Extreme temperatures turned Broadstone Road into sticky, black goo yesterday as the heat liquified the asphalt.

One onlooker described how his feet ‘got suck’ when walking across the surface, while tarmac was lodged in the treads of his tyres.

He added: ‘It sounded like it had just rained and the cars were driving
through the puddles.’

Temperatures hit a record 34.3C° in Greater Manchester yesterday – beating the previous record of 33.9C° from July 25, 2019.

They then stretched to 38C° today while the whole country’s all-time highest temperature was exceeded.

Roads in the sun can get as hot as 50C°, and at these temperatures, they begin to become soft, according to the Road Surface Treatments Association.

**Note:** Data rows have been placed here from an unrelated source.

text \<open>Elements of the free nonassociative algebra: finitely supported
  linear combinations of terms, represented as functions term => k.\<close>
definition single :: "'x tm \<Rightarrow> 'k::field \<Rightarrow> ('x tm \<Rightarrow> 'k)" where
  "single t c = (\<lambda>s. if s = t then c else 0)"

definition lmul :: "'x tm \<Rightarrow> ('x tm \<Rightarrow> 'k::field) \<Rightarrow> ('x tm \<Rightarrow> 'k)" where
  "lmul t f = (\<lambda>s. case s of Mul u v \<Rightarrow> (if u = t then f v else 0) | Leaf _ \<Rightarrow> 0)"

definition rmul :: "('x tm \<Rightarrow> 'k::field) \<Rightarrow> 'x tm \<Rightarrow> ('x tm \<Rightarrow> 'k)" where
  "rmul f t = (\<lambda>s. case s of Mul u v \<Rightarrow> (if v = t then f u else 0) | Leaf _ \<Rightarrow> 0)"

text \<open>The defining GDN super-identities, instantiated at terms (terms are homogeneous).\<close>
definition rel1 :: "('x \<Rightarrow> bool) \<Rightarrow> 'x tm \<Rightarrow> 'x tm \<Rightarrow> 'x tm \<Rightarrow> ('x tm \<Rightarrow> 'k::field)" where
  "rel1 par x y z = (\<lambda>s.
      single (Mul x (Mul y z)) 1 s - single (Mul (Mul x y) z) 1 s
    - sgn1 (tpar par x \<and> tpar par y) * (single (Mul y (Mul x z)) 1 s - single (Mul (Mul y x) z) 1 s))"

definition rel2 :: "('x \<Rightarrow> bool) \<Rightarrow> 'x tm \<Rightarrow> 'x tm \<Rightarrow> 'x tm \<Rightarrow> ('x tm \<Rightarrow> 'k::field)" where
  "rel2 par x y z = (\<lambda>s.
      single (Mul (Mul x y) z) 1 s - sgn1 (tpar par y \<and> tpar par z) * single (Mul (Mul x z) y) 1 s)"

text \<open>The ideal of the free nonassociative superalgebra generated by the GDN identities;
  GDN_s(X) is the quotient by it.\<close>
inductive_set gdn_ideal :: "('x \<Rightarrow> bool) \<Rightarrow> ('x tm \<Rightarrow> 'k::field) set" for par where
  gen1: "rel1 par x y z \<in> gdn_ideal par"
| gen2: "rel2 par x y z \<in> gdn_ideal par"
| zero: "(\<lambda>_. 0) \<in> gdn_ideal par"
| add: "f \<in> gdn_ideal par \<Longrightarrow> g \<in> gdn_ideal par \<Longrightarrow> (\<lambda>s. f s + g s) \<in> gdn_ideal par"
| smul: "f \<in> gdn_ideal par \<Longrightarrow> (\<lambda>s. c * f s) \<in> gdn_ideal par"
| lm: "f \<in> gdn_ideal par \<Longrightarrow> lmul t f \<in> gdn_ideal par"
| rm: "f \<in> gdn_ideal par \<Longrightarrow> rmul f t \<in> gdn_ideal par"

definition sim :: "('x \<Rightarrow> bool) \<Rightarrow> 'k::field \<Rightarrow> 'x tm \<Rightarrow> 'k \<Rightarrow> 'x tm \<Rightarrow> bool" where
  "sim par \<alpha> \<mu> \<beta> \<nu> \<longleftrightarrow>
     root \<mu> = root \<nu> \<and> len \<mu> = len \<nu> \<and> \<alpha> \<noteq> 0 \<and> \<beta> \<noteq> 0 \<and>
     (\<exists>g :: 'x tm \<Rightarrow> 'k. finite {t. g t \<noteq> 0} \<and>
        (\<forall>t. g t \<noteq> 0 \<longrightarrow> len t = len \<mu> \<and> root t > root \<mu>) \<and>
        (\<lambda>s. single \<mu> \<alpha> s - single \<nu> \<beta> s - g s) \<in> gdn_ideal par)"

end

theory Submission
  imports Defs
begin
lemma WbarUpper_Suc_less:
  assumes w: "w \<in> WbarUpper N \<beta>" and i: "Suc i < N" and "same_block \<beta> i (Suc i)"
  shows "w i < w (Suc i)"
proof (rule ccontr)
  have wp: "w permutes {0..<N}" using w by (simp add: WbarUpper_def Wbar_def)
  assume "\<not> w i < w (Suc i)"
  moreover have "w i \<noteq> w (Suc i)" using permutes_inj[OF wp] by (simp add: inj_eq)
  ultimately have descent: "w (Suc i) < w i" by simp
  have "transpose i (Suc i) \<in> Wbeta N \<beta>"
    unfolding Wbeta_def by (rule gen_base) (use assms in auto)
  with w have "len N (emb w) \<le> len N (emb (w \<circ> transpose i (Suc i)))"
    by (simp add: WbarUpper_def Wupper_def wmult_def emb_def)
  moreover have "w \<circ> transpose i (Suc i) permutes {0..<N}"
    using wp i by (intro permutes_compose permutes_swap_id) auto
  ultimately show False
    using card_inversions_comp_transpose_less[OF wp i descent] len_emb wp by simp
qed

lemma WbarUpper_less_in_block:
  assumes N: "sum_list \<beta> = N" and w: "w \<in> WbarUpper N \<beta>"
    and "i < j" and "same_block \<beta> i j"
  shows "w i < w j"
proof (rule less_by_Suc_steps[OF _ \<open>i < j\<close>])
  fix m assume m: "i \<le> m" "m < j"
  have j: "j < N" and ij: "block_index \<beta> i = block_index \<beta> j"
    using assms(4) same_block_iff[OF N] by auto
  have "block_index \<beta> m = block_index \<beta> (Suc m)"
    using block_index_mono[OF N, of i m] block_index_mono[OF N, of m "Suc m"]
      block_index_mono[OF N, of "Suc m" j] m j ij by simp
  then have "same_block \<beta> m (Suc m)" using same_block_iff[OF N] m j by simp
  then show "w m < w (Suc m)" using WbarUpper_Suc_less[OF w] m j by simp
qed

lemma eta_w_mono: "i \<le> j \<Longrightarrow> j < N \<Longrightarrow> eta_w N \<beta> w i \<le> eta_w N \<beta> w j"
  unfolding eta_w_def by (auto intro!: card_mono)

lemma eta_w_Suc_gt:
  assumes "Suc m < N" and "eta_cond N \<beta> w m"
  shows "eta_w N \<beta> w m < eta_w N \<beta> w (Suc m)"
proof -
  have "{m'. m' < Suc m \<and> eta_cond N \<beta> w m'} = insert m {m'. m' < m \<and> eta_cond N \<beta> w m'}"
    using assms(2) by auto
  with assms(1) show ?thesis by (simp add: eta_w_def)
qed

lemma Xbeta_snd_WbarUpper: "x \<in> Xbeta N \<beta> \<Longrightarrow> snd x \<in> WbarUpper N \<beta>"
  by (auto simp: Xbeta_def)

lemma Xbeta_fst_mono:
  assumes "x \<in> Xbeta N \<beta>" and "i \<le> j" and "j < N"
  shows "fst x i \<le> fst x j"
proof -
  obtain \<eta> w where x: "x = (\<lambda>i. \<eta> i + eta_w N \<beta> w i, w)" and \<eta>: "\<eta> \<in> Pminus N"
    using assms(1) by (auto simp: Xbeta_def)
  have "\<eta> i \<le> \<eta> j" using \<eta> assms(2,3) by (cases "i = j") (auto simp: Pminus_def)
  with eta_w_mono[OF assms(2,3)] show ?thesis by (simp add: x add_mono)
qed

lemma Xbeta_fst_Suc_gt:
  assumes "x \<in> Xbeta N \<beta>" and "Suc m < N" and "eta_cond N \<beta> (snd x) m"
  shows "fst x m < fst x (Suc m)"
proof -
  obtain \<eta> w where x: "x = (\<lambda>i. \<eta> i + eta_w N \<beta> w i, w)" and \<eta>: "\<eta> \<in> Pminus N"
    using assms(1) by (auto simp: Xbeta_def)
  have "\<eta> m \<le> \<eta> (Suc m)" using \<eta> assms(2) by (auto simp: Pminus_def)
  with eta_w_Suc_gt[OF assms(2)] assms(3) show ?thesis by (simp add: x add_le_less_mono)
qed
lemma Xbeta_snd_permutes: "x \<in> Xbeta N \<beta> \<Longrightarrow> snd x permutes {0..<N}"
  using Xbeta_snd_WbarUpper by (simp add: WbarUpper_def Wbar_def)

lemma convex_fibres_coset_label:
  assumes N: "sum_list \<beta> = N" and x: "x \<in> Xbeta N \<beta>"
  shows "convex_fibres N (coset_label \<beta> x)"
  unfolding convex_fibres_def
proof (intro allI impI)
  fix a d b assume ad: "a \<le> d" and db: "d \<le> b" and b: "b < N"
    and ab: "coset_label \<beta> x a = coset_label \<beta> x b"
  let ?e = "fst x" and ?p = "inv (snd x)"
  let ?g = "\<lambda>m. block_index \<beta> (?p m)"
  have wp: "snd x permutes {0..<N}" using Xbeta_snd_permutes[OF x] .
  have e_ab: "?e a = ?e b" and g_ab: "?g a = ?g b" using ab by (simp_all add: coset_label_def)
  have e_const: "?e m = ?e a" if "a \<le> m" "m \<le> b" for m
    using Xbeta_fst_mono[OF x, of a m] Xbeta_fst_mono[OF x, of m b] that b e_ab by simp
  have g_step: "?g (Suc m) \<le> ?g m" if m: "a \<le> m" "m < b" for m
  proof -
    have p_less: "?p m < N" "?p (Suc m) < N"
      using permutes_lessThan_less[OF permutes_inv[OF wp]] m b by auto
    have w_p: "snd x (?p m) = m" "snd x (?p (Suc m)) = Suc m"
      using permutes_inverses(1)[OF wp] by auto
    \<comment> \<open>the translation part is constant on [a, b], so eta_w has no jump there\<close>
    have "\<not> eta_cond N \<beta> (snd x) m"
    proof
      assume "eta_cond N \<beta> (snd x) m"
      then have "?e m < ?e (Suc m)" using Xbeta_fst_Suc_gt[OF x] m b by simp
      with e_const[of m] e_const[of "Suc m"] m show False by simp
    qed
    then have no_cross: "\<not> (?p m < ?p (Suc m) \<and> \<not> same_block \<beta> (?p m) (?p (Suc m)))"
      using p_less w_p unfolding eta_cond_def by blast
    consider "?p m < ?p (Suc m)" | "?p (Suc m) < ?p m"
      using w_p by (metis less_linear n_not_Suc_n)
    then show ?thesis
    proof cases
      case 1
      with no_cross show ?thesis using same_block_iff[OF N] by simp
    next
      case 2
      then show ?thesis using block_index_mono[OF N] p_less by simp
    qed
  qed
  have "?g d \<le> ?g a" by (rule antitone_by_Suc_steps[OF _ ad]) (use g_step db in auto)
  moreover have "?g b \<le> ?g d" by (rule antitone_by_Suc_steps[OF _ db]) (use g_step ad in auto)
  ultimately have "?g d = ?g a" using g_ab by simp
  with e_const[OF ad db] show "coset_label \<beta> x d = coset_label \<beta> x a"
    by (simp add: coset_label_def)
qed

lemma Wbetax_eq_gen_adjacent_transpositions:
  assumes N: "sum_list \<beta> = N" and x: "x \<in> Xbeta N \<beta>"
  shows "Wbetax N \<beta> x = gen (adjacent_transpositions N (coset_label \<beta> x))"
proof -
  let ?e = "fst x" and ?w = "snd x"
  have w: "?w \<in> WbarUpper N \<beta>" using Xbeta_snd_WbarUpper[OF x] .
  have wp: "?w permutes {0..<N}" using Xbeta_snd_permutes[OF x] .
  have "(\<exists>i j. i < j \<and> j < N \<and> same_block \<beta> i j \<and> act x (i, j, 0) = (m, Suc m, 0))
      \<longleftrightarrow> coset_label \<beta> x m = coset_label \<beta> x (Suc m)" if m: "Suc m < N" for m
  proof
    assume "\<exists>i j. i < j \<and> j < N \<and> same_block \<beta> i j \<and> act x (i, j, 0) = (m, Suc m, 0)"
    then obtain i j where ij: "same_block \<beta> i j" "act x (i, j, 0) = (m, Suc m, 0)"
      by blast
    then have "?w i = m" "?w j = Suc m" "?e m = ?e (Suc m)"
      by (auto simp: act_def)
    then have "inv ?w m = i" "inv ?w (Suc m) = j" "?e m = ?e (Suc m)"
      using permutes_inv_eq[OF wp] by auto
    with ij(1) show "coset_label \<beta> x m = coset_label \<beta> x (Suc m)"
      using same_block_iff[OF N] by (simp add: coset_label_def)
  next
    assume label: "coset_label \<beta> x m = coset_label \<beta> x (Suc m)"
    define i j where "i = inv ?w m" and "j = inv ?w (Suc m)"
    have ij_less: "i < N" "j < N"
      unfolding i_def j_def using permutes_lessThan_less[OF permutes_inv[OF wp]] m by auto
    have w_ij: "?w i = m" "?w j = Suc m"
      unfolding i_def j_def using permutes_inverses(1)[OF wp] by auto
    have sb: "same_block \<beta> i j" and sb': "same_block \<beta> j i"
      using label ij_less same_block_iff[OF N] by (auto simp: coset_label_def i_def j_def)
    have "i < j"
    proof (rule ccontr)
      assume "\<not> i < j"
      moreover have "i \<noteq> j" using w_ij by auto
      ultimately have "?w j < ?w i" using WbarUpper_less_in_block[OF N w _ sb'] by simp
      with w_ij show False by simp
    qed
    moreover have "act x (i, j, 0) = (m, Suc m, 0)"
      using label w_ij by (simp add: act_def coset_label_def)
    ultimately show "\<exists>i j. i < j \<and> j < N \<and> same_block \<beta> i j \<and> act x (i, j, 0) = (m, Suc m, 0)"
      using ij_less sb by blast
  qed
  then show ?thesis
    unfolding Wbetax_def adjacent_transpositions_def
    by (intro arg_cong[where f = gen]) blast
qed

This is because the road surface absorbs heat and this builds up during the day.

When temperatures soar some councils grit the roads to prevent them
from melting.

Speaking last week Howard Robinson, chief executive of the Road Surface Treatments Association, said: ‘Drivers may be bemused to see the gritters out in the summer when they are usually spreading grit and salt during the winter.

‘However, this is effective standard practice for keeping a road
surface safe during extreme prolonged hot temperatures.

‘Asphalt is a bit like chocolate – it melts and softens when it’s hot and goes hard and brittle when it’s cold – it doesn’t maintain the same strength all year round.’

Stockport Council has been contacted for a comment.